Start with content, start with: what can I do well right now?
Rose highlights that many marketers have not even dipped their toe into content marketing and promotion simply because the options can be overwhelming.
“One of the reasons I hate the word omni-channel is that it encourages us to be everywhere, and no one can,” says Rose. “We must pick and choose strategically.”
As marketing increasingly focuses on the buyers’ journey, “one man shops” and smaller teams can be facing a mandate that they must produce content for every stage of the journey, every time. The real answer to this challenge, says Rose, is to focus on producing only as much content as you can be great at.
If you’re confused as to where to start, focus on your area of expertise and value and ask yourself where in your existing process does it hurt the most? Are you struggling to generate awareness for your business? Challenged with nurturing leads? Facing high rates of churn? Start there. Develop great content first, then move toward a channels strategy. Once you’ve got that going, you can turn toward building out a paid promotion strategy that makes the most sense for your efforts.
No budget? No excuse.
If you don’t have budget now, start testing your efforts on owned and social channels to inform hypotheses at a micro-level.
Take the data you’ve gleaned from your content efforts on owned and social channels and analyze it to distill your findings down to actionable insights. Based on that information, make a “paid media wish list” and start matching potential channels with existing high-quality content. Ultimately, continued success—and planning for success—starts with an ongoing evaluation of where you were, where you are and where you’d like to be—and what steps you’ve taken to get from A>B and beyond.
Plans grounded in data will help you make a business case for a content promotion budget, or investment from other functional groups.
Mean Girls is so 2004: you can sit with us.

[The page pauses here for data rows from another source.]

lemma weight_pos: "0 < weight G i j"
  by (simp add: weight_def)

lemma weight_commute: "weight G i j = weight G j i"
  by (simp add: weight_def max.commute)

lemma sum_weight_le:
  fixes G :: "('v::finite \<times> 'v) set"
  shows "(\<Sum>j\<in>nbrs G i. weight G i j) \<le> real CARD('v) / (1 + real CARD('v))"
proof -
  define d where "d = card (nbrs G i)"
  have "(\<Sum>j\<in>nbrs G i. weight G i j) \<le> (\<Sum>j\<in>nbrs G i. 1 / (1 + real d))"
    unfolding weight_def d_def by (intro sum_mono) (simp add: frac_le)
  also have "\<dots> = real d / (1 + real d)"
    by (simp add: d_def)
  also have "\<dots> \<le> real CARD('v) / (1 + real CARD('v))"
  proof -
    have "real d \<le> real CARD('v)"
      unfolding d_def by (simp add: card_mono)
    then show ?thesis
      by (simp add: divide_simps algebra_simps)
  qed
  finally show ?thesis .
qed

lemma weighted_square_sum_le:
  fixes w a :: "'a \<Rightarrow> real"
  assumes "\<And>j. j \<in> A \<Longrightarrow> 0 \<le> w j"
  shows "(\<Sum>j\<in>A. w j * a j)\<^sup>2 \<le> (\<Sum>j\<in>A. w j) * (\<Sum>j\<in>A. w j * (a j)\<^sup>2)"
proof -
  have "(\<Sum>j\<in>A. w j * a j) = (\<Sum>j\<in>A. sqrt (w j) * (sqrt (w j) * a j))"
    and "(\<Sum>j\<in>A. w j) = (\<Sum>j\<in>A. (sqrt (w j))\<^sup>2)"
    and "(\<Sum>j\<in>A. w j * (a j)\<^sup>2) = (\<Sum>j\<in>A. (sqrt (w j) * a j)\<^sup>2)"
    using assms by (auto intro!: sum.cong simp: power_mult_distrib simp flip: mult.assoc)
  then show ?thesis
    using Cauchy_Schwarz_ineq_sum[of "\<lambda>j. sqrt (w j)" "\<lambda>j. sqrt (w j) * a j" A] by simp
qed

lemma linear_gram_apply: "linear (gram_apply C)"
  by (rule linearI)
    (simp_all add: gram_apply_def inner_add_right scaleR_add_left sum.distrib scaleR_sum_right)

lemma inner_gram_apply: "z \<bullet> gram_apply C z = (\<Sum>k<length C. (C ! k \<bullet> z)\<^sup>2)"
  unfolding gram_apply_def by (simp add: inner_sum_right power2_eq_square inner_commute)

lemma gram_apply_inner_self:
  assumes "orthonormal_rows C"
  shows "gram_apply C z \<bullet> gram_apply C z = z \<bullet> gram_apply C z"
proof -
  have "gram_apply C z \<bullet> gram_apply C z =
      (\<Sum>k<length C. \<Sum>l<length C. (C ! k \<bullet> z) * (C ! l \<bullet> z) * (C ! k \<bullet> C ! l))"
    unfolding gram_apply_def
    by (simp add: inner_sum_left inner_sum_right mult.assoc sum_distrib_left, simp add: inner_commute)
  also have "\<dots> = (\<Sum>k<length C. \<Sum>l<length C. if k = l then (C ! k \<bullet> z) * (C ! l \<bullet> z) else 0)"
    using assms unfolding orthonormal_rows_def by (intro sum.cong refl) auto
  finally show ?thesis
    by (simp add: inner_gram_apply power2_eq_square)
qed

lemma mat_apply_eq_if_inner_gram_apply_eq_0:
  assumes "(a - b) \<bullet> gram_apply C (a - b) = 0"
  shows "mat_apply C a = mat_apply C b"
proof -
  have "\<forall>k<length C. C ! k \<bullet> (a - b) = 0"
    using assms by (simp add: inner_gram_apply sum_nonneg_eq_0_iff)
  then show ?thesis
    unfolding mat_apply_def by (auto simp: in_set_conv_nth inner_diff_right)
qed

definition pair_gram :: "('v \<Rightarrow> 'v \<Rightarrow> (real^'n) list) \<Rightarrow> 'v \<Rightarrow> 'v \<Rightarrow> real^'n \<Rightarrow> real^'n" where
  "pair_gram C i j z = gram_apply (C i j) z + gram_apply (C j i) z"

lemma pair_gram_commute: "pair_gram C i j = pair_gram C j i"
  by (auto simp: pair_gram_def)

lemma linear_pair_gram: "linear (pair_gram C i j)"
  unfolding pair_gram_def by (intro linear_compose_add linear_gram_apply)

lemma inner_pair_gram_nonneg: "0 \<le> z \<bullet> pair_gram C i j z"
  by (simp add: pair_gram_def inner_add_right inner_gram_apply sum_nonneg)

lemma pair_gram_inner_self_le:
  assumes "orthonormal_rows (C i j)" and "orthonormal_rows (C j i)"
  shows "pair_gram C i j z \<bullet> pair_gram C i j z \<le> 2 * (z \<bullet> pair_gram C i j z)"
proof -
  define a b where "a = gram_apply (C i j) z" and "b = gram_apply (C j i) z"
  have "(a + b) \<bullet> (a + b) \<le> 2 * (a \<bullet> a + b \<bullet> b)"
    using inner_ge_zero[of "a - b"]
    by (simp add: inner_add_left inner_add_right inner_diff_left inner_diff_right inner_commute)
  then show ?thesis
    using assms by (simp add: pair_gram_def a_def b_def gram_apply_inner_self inner_add_right)
qed

definition laplacian ::
    "('v \<Rightarrow> 'v \<Rightarrow> (real^'n) list) \<Rightarrow> ('v \<times> 'v) set \<Rightarrow> (real^'n)^'v::finite \<Rightarrow> (real^'n)^'v" where
  "laplacian C G u = (\<chi> i. \<Sum>j\<in>nbrs G i. weight G i j *\<^sub>R pair_gram C i j (u $ i - u $ j))"

definition laplacian_energy ::
    "('v \<Rightarrow> 'v \<Rightarrow> (real^'n) list) \<Rightarrow> ('v \<times> 'v) set \<Rightarrow> (real^'n)^'v::finite \<Rightarrow> real" where
  "laplacian_energy C G u =
     (\<Sum>i\<in>UNIV. \<Sum>j\<in>nbrs G i. weight G i j * ((u $ i - u $ j) \<bullet> pair_gram C i j (u $ i - u $ j)))"

definition consensus_step ::
    "('v \<Rightarrow> 'v \<Rightarrow> (real^'n) list) \<Rightarrow> ('v \<times> 'v) set \<Rightarrow> (real^'n)^'v::finite \<Rightarrow> (real^'n)^'v" where
  "consensus_step C G u = u - (1/2) *\<^sub>R laplacian C G u"

lemma linear_laplacian: "linear (laplacian C G)"
proof -
  have P: "linear (pair_gram C i j)" for i j
    by (rule linear_pair_gram)
  show ?thesis
    by (rule linearI; subst vec_eq_iff; rule allI)
      (simp_all add: laplacian_def add_diff_add linear_add[OF P] linear_scale[OF P]
        scaleR_add_right sum.distrib scaleR_sum_right mult.commute flip: scaleR_diff_right)
qed

lemma linear_consensus_step: "linear (consensus_step C G)"
  using linear_laplacian[of C G]
  by (intro linearI) (simp_all add: consensus_step_def linear_add linear_scale algebra_simps)

lemma inner_laplacian:
  assumes "sym G"
  shows "u \<bullet> laplacian C G u = laplacian_energy C G u / 2"
proof -
  define S where "S = u \<bullet> laplacian C G u"
  have S: "S = (\<Sum>i\<in>UNIV. \<Sum>j\<in>nbrs G i. weight G i j * (u $ i \<bullet> pair_gram C i j (u $ i - u $ j)))"
    unfolding S_def laplacian_def by (simp add: inner_vec_def[of u] inner_sum_right)
  also have "\<dots> = (\<Sum>i\<in>UNIV. \<Sum>j\<in>nbrs G i. weight G j i * (u $ j \<bullet> pair_gram C j i (u $ j - u $ i)))"
    by (rule sum_nbrs_swap[OF assms])
  also have "\<dots> = (\<Sum>i\<in>UNIV. \<Sum>j\<in>nbrs G i. - (weight G i j * (u $ j \<bullet> pair_gram C i j (u $ i - u $ j))))"
    by (simp add: weight_commute[of G j i for i j] pair_gram_commute[of C j i for i j]
        linear_diff[OF linear_pair_gram] inner_diff_right algebra_simps)
  finally have S': "S = (\<Sum>i\<in>UNIV. \<Sum>j\<in>nbrs G i. - (weight G i j * (u $ j \<bullet> pair_gram C i j (u $ i - u $ j))))" .
  have "S + S = (\<Sum>i\<in>UNIV. \<Sum>j\<in>nbrs G i. weight G i j * (u $ i \<bullet> pair_gram C i j (u $ i - u $ j)))
      + (\<Sum>i\<in>UNIV. \<Sum>j\<in>nbrs G i. - (weight G i j * (u $ j \<bullet> pair_gram C i j (u $ i - u $ j))))"
    using S S' by (rule arg_cong2)
  also have "\<dots> = laplacian_energy C G u"
    unfolding laplacian_energy_def
    by (simp add: inner_diff_left right_diff_distrib flip: sum.distrib)
  finally show ?thesis
    unfolding S_def by simp
qed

Stop focusing on credit and start focusing on success. Too many businesses have operated on –and suffered from—a siloed model where one hand doesn’t know what the other is doing. Marketing and PR are natural complements when used correctly, and content marketing is perhaps the most convincing case for integrating efforts.

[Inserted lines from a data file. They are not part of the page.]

(* Let $F$ be a finitely generated group whose commutator subgroup has infinite index in $F$, and let $G$ be an arbitrary group. Then the number of surjective homomorphisms $F\to G$ is divisible by the order $|G'|$ of the commutator subgroup of $G$.
   Context: Groups need not be finite; divisibility is understood in the sense of cardinal arithmetic: an infinite cardinal is divisible by every nonzero cardinal not exceeding it. *)

theory Defs
  imports "HOL-Algebra.Algebra" "HOL-Library.Equipollence"
begin

text \<open>The witness C may be taken of the
  element type of A (if A is infinite, take C a subset of A).\<close>
definition card_dvd :: "'b set \<Rightarrow> 'a set \<Rightarrow> bool" where
  "card_dvd B A \<longleftrightarrow> (\<exists>C :: 'a set. A \<approx> B \<times> C)"

text \<open>Surjective homomorphisms F \<rightarrow> G, as functions on the carrier of F
  (extensional, so that each homomorphism is counted exactly once).\<close>
definition surj_homs :: "('a, 'c) monoid_scheme \<Rightarrow> ('b, 'd) monoid_scheme \<Rightarrow> ('a \<Rightarrow> 'b) set" where
  "surj_homs F G = epi F G \<inter> extensional (carrier F)"

definition finitely_generated_group :: "('a, 'c) monoid_scheme \<Rightarrow> bool" where
  "finitely_generated_group F \<longleftrightarrow>
     (\<exists>S. finite S \<and> S \<subseteq> carrier F \<and> generate F S = carrier F)"

end

theory Submission
  imports Defs
begin

text \<open>
  Since \<open>F/F'\<close> is an infinite finitely generated abelian group, there is a homomorphism
  \<open>\<chi>\<close> from \<open>F\<close> onto \<open>\<int>\<close>; fix \<open>t\<close> with \<open>\<chi> t = 1\<close> and let \<open>K\<close> be the kernel, so that every
  element of \<open>F\<close> is \<open>k t\<^sup>n\<close> with \<open>k \<in> K\<close>. For a surjection \<open>\<phi> : F \<rightarrow> G\<close> put \<open>H = \<phi>(K)\<close>; it is
  normal, and \<open>G/H\<close> is cyclic, so \<open>G' \<subseteq> H\<close>. For \<open>r \<in> H\<close> and \<open>c\<close> in the centre \<open>Z\<close> of \<open>H\<close>
  there is a unique homomorphism agreeing with \<open>r \<phi> r\<^sup>-\<^sup>1\<close> on \<open>K\<close> and sending \<open>t\<close> to
  \<open>r \<phi>(t) c r\<^sup>-\<^sup>1\<close>; it is again surjective. These twists partition the surjections into
  classes, each in bijection with \<open>(H/Z) \<times> Z\<close>, hence equipotent to \<open>H \<approx> G' \<times> (H/G')\<close>.
\<close>

section \<open>Homomorphisms onto the integers\<close>

lemma hom_integer_group_iff:
  "f \<in> hom (G\<lparr>carrier := B\<rparr>) integer_group \<longleftrightarrow> (\<forall>x\<in>B. \<forall>y\<in>B. f (x \<otimes>\<^bsub>G\<^esub> y) = f x + f y)"
  by (simp add: hom_def)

Guess what? Promotion and distribution might be new for your content efforts, but they’re practically ancient concepts for many of your colleagues in PR. Collaborate with the people and teams that have a promotion budget to build a compelling business case for investment. Also, jump on opportunities to insert your content into their traditional product or sales focused efforts.

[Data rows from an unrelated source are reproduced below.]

(* Let $\psi(u,v)$ be a satisfiable conjunction of difference constraints between two integer variables $u,v$ such that every pair satisfying $\psi$ has $u\le v$ and $\psi(m,m)$ holds for every integer $m$ (i.e. $\psi$ contains $u\le v$ but no conjunct $u\le v-c$ with $c>0$). Let $n\ge3$. Then $\exists S_3,\dots,S_{n-1}.\ \bigwedge_{2\le i\le n-1}\Big(S_i=S_{i+1}\cup\{\min(S_i)\}\wedge\max(S_i)=\max(S_{i+1})\wedge\psi(\min(S_i),\min(S_{i+1}))\Big)$ is equivalent to $S_n\neq\emptyset\wedge S_n\subseteq S_2\wedge|S_2\setminus S_n|\le n-2\wedge\big(S_2\setminus S_n\neq\emptyset\rightarrow\max(S_2\setminus S_n)<\min(S_n)\big)\wedge\forall y,z.\ \big(\mathsf{succ}((S_2\setminus S_n)\cup\{\min(S_n)\},y,z)\rightarrow\psi(y,z)\big)$.
   Context: Set variables range over finite subsets of $\mathbb{Z}$, integer variables over $\mathbb{Z}$; $\min,\max$ of the empty set are undefined and atoms containing undefined terms are false. $\mathsf{succ}(S,x,y)$ abbreviates $x\in S\wedge y\in S\wedge x<y\wedge\forall z\in S.\,(z\le x\vee y\le z)$. $|\cdot|$ is cardinality. *)

theory Defs
  imports Main
begin

datatype var2 = U | V

text \<open>A difference constraint (x, y, c) stands for x - y \<le> c, where x, y range over the
  two integer variables u, v. A conjunction of difference constraints is a finite list of them.\<close>
type_synonym dconstr = "var2 \<times> var2 \<times> int"

fun val2 :: "int \<Rightarrow> int \<Rightarrow> var2 \<Rightarrow> int" where
  "val2 u v U = u"
| "val2 u v V = v"

definition holds_conj :: "dconstr list \<Rightarrow> int \<Rightarrow> int \<Rightarrow> bool" where
  "holds_conj cs u v \<longleftrightarrow> (\<forall>(x, y, c) \<in> set cs. val2 u v x - val2 u v y \<le> c)"

definition succ_in :: "int set \<Rightarrow> int \<Rightarrow> int \<Rightarrow> bool" where
  "succ_in S x y \<longleftrightarrow> x \<in> S \<and> y \<in> S \<and> x < y \<and> (\<forall>z\<in>S. z \<le> x \<or> y \<le> z)"

end

theory Submission
  imports Defs
begin

text \<open>Each step of the chain either keeps the set or removes its minimum (preserving the maximum
  is then automatic), so the chain is determined by which minima are removed: the removed
  elements form an initial segment \<open>S\<^sub>2 - S\<^sub>n\<close> of \<open>S\<^sub>2\<close> lying below \<open>S\<^sub>n\<close>, of size at most \<open>n - 2\<close>,
  and \<open>\<psi>\<close> must hold between consecutive removed elements and from the last one to \<open>min S\<^sub>n\<close>.
  Idle steps cost nothing because \<open>\<psi>(m, m)\<close> holds; this is the only property of \<open>\<psi>\<close> used.\<close>

lemma chain_from_iff_relpowp:
  "(\<exists>S. S a = x \<and> S (a + k) = y \<and> (\<forall>i\<in>{a..a + k}. Q (S i)) \<and>
        (\<forall>i\<in>{a..<a + k}. P (S i) (S (Suc i))))
   \<longleftrightarrow> Q x \<and> ((\<lambda>u v. P u v \<and> Q v) ^^ k) x y"
proof
  assume "\<exists>S. S a = x \<and> S (a + k) = y \<and> (\<forall>i\<in>{a..a + k}. Q (S i)) \<and>
        (\<forall>i\<in>{a..<a + k}. P (S i) (S (Suc i)))"
  then obtain S where S: "S a = x" "S (a + k) = y" "\<forall>i\<in>{a..a + k}. Q (S i)"
    "\<forall>i\<in>{a..<a + k}. P (S i) (S (Suc i))" by blast
  have "\<forall>i<k. P (S (a + i)) (S (a + Suc i)) \<and> Q (S (a + Suc i))"
    using S(3,4) by auto
  then show "Q x \<and> ((\<lambda>u v. P u v \<and> Q v) ^^ k) x y"
    unfolding relpowp_fun_conv using S(1-3) by (intro conjI exI[of _ "\<lambda>i. S (a + i)"]) auto
next
  assume "Q x \<and> ((\<lambda>u v. P u v \<and> Q v) ^^ k) x y"
  then obtain f where Qx: "Q x" and f: "f 0 = x" "f k = y" "\<forall>i<k. P (f i) (f (Suc i)) \<and> Q (f (Suc i))"
    unfolding relpowp_fun_conv by blast
  have "Q (f j)" if "j \<le> k" for j
    using that Qx f by (cases j) auto
  then show "\<exists>S. S a = x \<and> S (a + k) = y \<and> (\<forall>i\<in>{a..a + k}. Q (S i)) \<and>
        (\<forall>i\<in>{a..<a + k}. P (S i) (S (Suc i)))"
    using f by (intro exI[of _ "\<lambda>i. f (i - a)"]) (auto simp: Suc_diff_le)
qed

definition peel_step :: "dconstr list \<Rightarrow> int set \<Rightarrow> int set \<Rightarrow> bool" where
  "peel_step cs A C \<longleftrightarrow> C \<noteq> {} \<and> A = insert (Min A) C \<and> holds_conj cs (Min A) (Min C)"

lemma chain_condition_iff_peel_step:
  assumes "finite C"
  shows "((A \<noteq> {} \<and> A = C \<union> {Min A}) \<and> (A \<noteq> {} \<and> C \<noteq> {} \<and> Max A = Max C) \<and>
          (A \<noteq> {} \<and> C \<noteq> {} \<and> holds_conj cs (Min A) (Min C))) \<longleftrightarrow> peel_step cs A C"
proof
  assume "peel_step cs A C"
  then have ne: "C \<noteq> {}" and A: "A = insert (Min A) C"
    unfolding peel_step_def by auto
  have "Min A \<le> Max C"
    using A ne assms by (metis Max_in Min_le finite_insert insertCI)
  then have "Max A = Max C"
    using A ne assms by (metis Max_insert max.absorb2)
  then show "(A \<noteq> {} \<and> A = C \<union> {Min A}) \<and> (A \<noteq> {} \<and> C \<noteq> {} \<and> Max A = Max C) \<and>
          (A \<noteq> {} \<and> C \<noteq> {} \<and> holds_conj cs (Min A) (Min C))"
    using \<open>peel_step cs A C\<close> unfolding peel_step_def by auto
qed (auto simp: peel_step_def)

lemma succ_in_insert_below:
  assumes T: "finite T" "T \<noteq> {}" and below: "\<forall>t\<in>T. m < t"
  shows "succ_in (insert m T) y z \<longleftrightarrow> (y = m \<and> z = Min T) \<or> succ_in T y z"
proof -
  have "Min T \<in> T" "\<forall>t\<in>T. Min T \<le> t"
    using T by auto
  then show ?thesis
    using below unfolding succ_in_def by (smt (verit) insert_iff)
qed

lemma Min_diff_union_Min:
  assumes "finite C" "B \<subseteq> C" "B \<noteq> {}"
  shows "Min ((C - B) \<union> {Min B}) = Min C"
proof (rule Min_eqI)
  have "finite B"
    using assms finite_subset by blast
  then have "Min B \<in> B" "\<forall>b\<in>B. Min B \<le> b"
    using assms by auto
  then show "\<And>x. x \<in> (C - B) \<union> {Min B} \<Longrightarrow> Min C \<le> x"
    using assms by auto
  show "Min C \<in> (C - B) \<union> {Min B}"
    using assms \<open>\<forall>b\<in>B. Min B \<le> b\<close> \<open>Min B \<in> B\<close>
    by (metis DiffI Min_in Min_le UnI1 UnI2 antisym empty_iff insertI1 subsetD subset_empty)
qed (use assms in auto)

definition peels_to :: "dconstr list \<Rightarrow> nat \<Rightarrow> int set \<Rightarrow> int set \<Rightarrow> bool" where
  "peels_to cs k A B \<longleftrightarrow> B \<noteq> {} \<and> B \<subseteq> A \<and> card (A - B) \<le> k \<and>
     (A - B \<noteq> {} \<longrightarrow> Max (A - B) < Min B) \<and>
     (\<forall>y z. succ_in ((A - B) \<union> {Min B}) y z \<longrightarrow> holds_conj cs y z)"

lemma peels_to_insert_below:
  assumes C: "finite C" and B: "B \<noteq> {}" "B \<subseteq> C" and below: "\<forall>c\<in>C. m < c"
  shows "peels_to cs (Suc k) (insert m C) B \<longleftrightarrow> holds_conj cs m (Min C) \<and> peels_to cs k C B"
proof -
  have "finite B"
    using B C finite_subset by blast
  then have "Min B \<in> B"
    using B by simp
  then have m_less: "m < Min B" "m \<notin> C"
    using B below by auto
  then have diff: "insert m C - B = insert m (C - B)"
    using B by auto
  have card: "card (insert m C - B) = Suc (card (C - B))"
    using diff C m_less by simp
  have Max: "(insert m C - B \<noteq> {} \<longrightarrow> Max (insert m C - B) < Min B) \<longleftrightarrow>
             (C - B \<noteq> {} \<longrightarrow> Max (C - B) < Min B)"
    using diff C m_less by auto
  have "succ_in ((insert m C - B) \<union> {Min B}) y z \<longleftrightarrow>
        (y = m \<and> z = Min C) \<or> succ_in ((C - B) \<union> {Min B}) y z" for y z
  proof -
    have "(insert m C - B) \<union> {Min B} = insert m ((C - B) \<union> {Min B})"
      using diff by auto
    moreover have "\<forall>t \<in> (C - B) \<union> {Min B}. m < t"
      using below m_less by auto
    ultimately show ?thesis
      using succ_in_insert_below[of "(C - B) \<union> {Min B}" m y z] Min_diff_union_Min[OF C B(2,1)] C
      by simp
  qed
  then show ?thesis
    unfolding peels_to_def using card Max B by auto
qed

lemma peels_to_Suc_iff:
  assumes refl: "\<forall>x. holds_conj cs x x" and A: "finite A"
  shows "peels_to cs (Suc k) A B \<longleftrightarrow> (\<exists>C. peel_step cs A C \<and> peels_to cs k C B)"
proof
  assume P: "peels_to cs (Suc k) A B"
  show "\<exists>C. peel_step cs A C \<and> peels_to cs k C B"
  proof (cases "A = B")
    case True
    then have "A \<noteq> {}"
      using P by (simp add: peels_to_def)
    then have "peel_step cs A A \<and> peels_to cs k A A"
      using A refl by (auto simp: peel_step_def peels_to_def succ_in_def insert_absorb)
    then show ?thesis
      using True by blast
  next
    case False
    let ?m = "Min A" and ?C = "A - {Min A}"
    have B: "B \<noteq> {}" "B \<subseteq> A" and Max: "A - B \<noteq> {} \<longrightarrow> Max (A - B) < Min B"
      using P by (auto simp: peels_to_def)
    have "?m \<notin> B"
    proof
      assume "?m \<in> B"
      obtain d where "d \<in> A - B"
        using False B by blast
      then have "?m \<le> d" "d \<le> Max (A - B)"
        using A by auto
      moreover have "Min B \<le> ?m"
        using \<open>?m \<in> B\<close> B A by (meson Min_le finite_subset)
      ultimately show False
        using Max \<open>d \<in> A - B\<close> by auto
    qed
    moreover have "?m \<in> A"
      using A B by (metis Min_in empty_iff subset_empty)
    ultimately have A_eq: "A = insert ?m ?C" and B_sub: "B \<subseteq> ?C"
      using B by auto
    moreover have "\<forall>c\<in>?C. ?m < c"
      using A by (simp add: order_less_le)
    ultimately have "holds_conj cs ?m (Min ?C) \<and> peels_to cs k ?C B"
      using peels_to_insert_below[of ?C B ?m cs k] A B P by simp
    moreover have "?C \<noteq> {}"
      using B B_sub by blast
    ultimately have "peel_step cs A ?C \<and> peels_to cs k ?C B"
      using A_eq by (simp add: peel_step_def)
    then show ?thesis ..
  qed
next
  assume "\<exists>C. peel_step cs A C \<and> peels_to cs k C B"
  then obtain C where step: "peel_step cs A C" and P: "peels_to cs k C B"
    by blast
  show "peels_to cs (Suc k) A B"
  proof (cases "Min A \<in> C")
    case True
    then have "A = C"
      using step by (metis insert_absorb peel_step_def)
    then show ?thesis
      using P by (auto simp: peels_to_def)
  next
    case False
    have A_eq: "A = insert (Min A) C" and holds: "holds_conj cs (Min A) (Min C)"
      using step by (simp_all add: peel_step_def)
    have "finite C" "\<forall>c\<in>C. Min A < c"
      using A A_eq False by (metis finite_insert, metis Min_le insertCI order_less_le)
    moreover have "B \<noteq> {}" "B \<subseteq> C"
      using P by (simp_all add: peels_to_def)
    ultimately show ?thesis
      using peels_to_insert_below[of C B "Min A" cs k] A_eq holds P by simp
  qed
qed

lemma peel_steps_iff_peels_to:
  assumes refl: "\<forall>x. holds_conj cs x x" and "finite A"
  shows "((\<lambda>u v. peel_step cs u v \<and> finite v) ^^ k) A B \<and> B \<noteq> {} \<longleftrightarrow> peels_to cs k A B"
  using assms(2)
proof (induction k arbitrary: A)
  case 0
  then show ?case
    by (auto simp: peels_to_def succ_in_def)
next
  case (Suc k)
  have finite_step: "finite C" if "peel_step cs A C" for C
    using that Suc.prems by (metis finite_insert peel_step_def)
  have "((\<lambda>u v. peel_step cs u v \<and> finite v) ^^ Suc k) A B \<and> B \<noteq> {} \<longleftrightarrow>
        (\<exists>C. peel_step cs A C \<and> finite C \<and>
             ((\<lambda>u v. peel_step cs u v \<and> finite v) ^^ k) C B \<and> B \<noteq> {})"
    unfolding relpowp_Suc_left OO_def by blast
  also have "\<dots> \<longleftrightarrow> (\<exists>C. peel_step cs A C \<and> peels_to cs k C B)"
  proof (rule ex_cong1)
    fix C
    show "peel_step cs A C \<and> finite C \<and> ((\<lambda>u v. peel_step cs u v \<and> finite v) ^^ k) C B \<and> B \<noteq> {}
          \<longleftrightarrow> peel_step cs A C \<and> peels_to cs k C B"
      using Suc.IH[of C] finite_step[of C] by blast
  qed
  also have "\<dots> \<longleftrightarrow> peels_to cs (Suc k) A B"
    using peels_to_Suc_iff[OF refl Suc.prems] ..
  finally show ?case .
qed

theorem mainTheorem7:
  fixes cs :: "dconstr list" and n :: nat and S2 Sn :: "int set"
  assumes sat: "\<exists>u v. holds_conj cs u v"
    and le: "\<forall>u v. holds_conj cs u v \<longrightarrow> u \<le> v"
    and refl: "\<forall>m. holds_conj cs m m"
    and n3: "n \<ge> 3"
    and fin2: "finite S2" and finn: "finite Sn"
  shows "(\<exists>S :: nat \<Rightarrow> int set.
            S 2 = S2 \<and> S n = Sn \<and> (\<forall>i\<in>{2..n}. finite (S i)) \<and>
            (\<forall>i\<in>{2..n-1}.
               (S i \<noteq> {} \<and> S i = S (Suc i) \<union> {Min (S i)}) \<and>
               (S i \<noteq> {} \<and> S (Suc i) \<noteq> {} \<and> Max (S i) = Max (S (Suc i))) \<and>
               (S i \<noteq> {} \<and> S (Suc i) \<noteq> {} \<and> holds_conj cs (Min (S i)) (Min (S (Suc i))))))
     \<longleftrightarrow>
         (Sn \<noteq> {} \<and> Sn \<subseteq> S2 \<and> card (S2 - Sn) \<le> n - 2 \<and>
          (S2 - Sn \<noteq> {} \<longrightarrow> Max (S2 - Sn) < Min Sn) \<and>
          (\<forall>y z. succ_in ((S2 - Sn) \<union> {Min Sn}) y z \<longrightarrow> holds_conj cs y z))"
proof -
  define chain_step where "chain_step = (\<lambda>A C.
    (A \<noteq> {} \<and> A = C \<union> {Min A}) \<and> (A \<noteq> {} \<and> C \<noteq> {} \<and> Max A = Max C) \<and>
    (A \<noteq> {} \<and> C \<noteq> {} \<and> holds_conj cs (Min A) (Min C)))"
  define step where "step = (\<lambda>u v. peel_step cs u v \<and> finite v)"
  have step_eq: "(\<lambda>u v. chain_step u v \<and> finite v) = step"
    unfolding step_def chain_step_def using chain_condition_iff_peel_step by (intro ext) blast
  have idx: "2 + (n - 2) = n" "{2..<n} = {2..n-1}"
    using n3 by auto
  note chain = chain_from_iff_relpowp[of 2 S2 "n - 2" Sn finite chain_step,
    unfolded idx step_eq, unfolded chain_step_def]
  have nonempty: "Sn \<noteq> {}" if "(step ^^ (n - 2)) S2 Sn"
  proof -
    have "n - 2 = Suc (n - 3)"
      using n3 by simp
    then show ?thesis
      using that by (auto elim: relpowp_Suc_E simp: step_def peel_step_def)
  qed
  have "finite S2 \<and> (step ^^ (n - 2)) S2 Sn \<longleftrightarrow> (step ^^ (n - 2)) S2 Sn \<and> Sn \<noteq> {}"
    using fin2 nonempty by blast
  also have "\<dots> \<longleftrightarrow> peels_to cs (n - 2) S2 Sn"
    unfolding step_def by (rule peel_steps_iff_peels_to[OF refl fin2])
  finally show ?thesis
    unfolding chain peels_to_def .
qed

end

Measure, test, then invest.
Rose’s previous advice, though applicable to all marketers, will perhaps most resonate with those in the early stages of their content marketing and promotion efforts. The next point, which Rose indicated applies to all spectrum of content marketers, from novice to veteran, is the struggle with measuring efforts and defining success.
Rose suggests that to effectively understand the results of content marketing and promotion efforts, businesses have to move beyond measuring the teams producing content and instead measure the effectiveness of the content itself.
If you want to improve, ask yourself: can you actually measure your efforts in a way that allows for experimentation?
Bottom line: If you want to be a leader and drive increasing returns on your content efforts, you cannot afford to fall prey to what Rose calls “up and to the right syndrome:” always doing what has worked* before and not testing anything. Rose points to Jonathan Mildenhall, currently CEO of Airbnb, who has long advocated a policy of dedicating 70% of resources and efforts toward known (read: effectively guaranteed) wins, 20% toward “out-of-the-box” tests and the final 10% to weird, might exponentially succeed or might exponentially fail efforts. There will always be new channels, but if we can understand our core and at least allow for that 10%, Rose says this is the mandate for PR and marketing today.